What is being asked: Below are records; reproduce exactly the lines from the one containing "v x = d v u" through the end, both included, and only those.

──────

section \<open>The upper bound\<close>

lemma dist_to_terminal:
  assumes mj: "major V E v" and lt: "l \<in> terminals V E v" and z: "z \<in> V"
  shows "d z l + d v z = d v l \<and> 0 < d v z \<or> d z l = d v z + d v l"
proof -
  have vV: "v \<in> V" and lV: "l \<in> V" using major_in_V mj lt terminals_subset_V by auto
  obtain e where e: "E v e" "l \<in> branch v e"
    using branch_exists vV lV terminal_neq_major[OF mj lt] by metis
  show ?thesis
  proof (cases "z \<in> branch v e")
    case True
    obtain P where P: "geodesic P v l" using geodesic_exists vV lV by blast
    have "z \<in> set P" using branch_subset_geodesic_to_terminal[OF vV lt e(1,2) P] True by blast
    then have "d v z + d z l = d v l" using geodesic_dist_add[OF P vV] by blast
    moreover have "0 < d v z" using True root_not_in_branch dist_eq_0_iff vV z by fastforce
    ultimately show ?thesis by simp
  next
    case False
    then have "d l z = d l v + d v z" using dist_via_root[OF e z] by blast
    then show ?thesis using dist_commute lV vV z by simp
  qed
qed

lemma terminal_resolves_if_major_resolves:
  assumes mj: "major V E v" and lt: "l \<in> terminals V E v" and x: "x \<in> V" and y: "y \<in> V"
    and "d x v \<noteq> d y v"
  shows "d x l \<noteq> d y l"
proof -
  have "d v x \<noteq> d v y" using assms(5) dist_commute major_in_V[OF mj] x y by simp
  then show ?thesis using dist_to_terminal[OF mj lt x] dist_to_terminal[OF mj lt y] by linarith
qed

lemma branch_contains_M2_unless_terminal:
  assumes e: "E m c" and no_terminal: "\<forall>l\<in>terminals V E m. l \<notin> branch m c"
  obtains v where "v \<in> branch m c" "v \<in> M2 V E"
  using branch_with_major_contains_M2[OF e] branch_without_major_has_terminal[OF e] no_terminal
  by metis

lemma equidistant_from_other_branch:
  assumes e: "E u c" and v: "v \<in> branch u c" and x: "x \<in> V" "x \<notin> branch u c"
    and y: "y \<in> V" "y \<notin> branch u c" and "d x v = d y v"
  shows "d u x = d u y"
proof -
  have vV: "v \<in> V" using v branch_subset_V by blast
  have "d v x = d v u + d u x" "d v y = d v u + d u y"
    using dist_via_root[OF e v x] dist_via_root[OF e v y] by auto
  then show ?thesis using assms(7) dist_commute vV x(1) y(1) by simp
qed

──────

Output for this task:
  have "d v x = d v u + d u x" "d v y = d v u + d u y"
    using dist_via_root[OF e v x] dist_via_root[OF e v y] by auto
  then show ?thesis using assms(7) dist_commute vV x(1) y(1) by simp
qed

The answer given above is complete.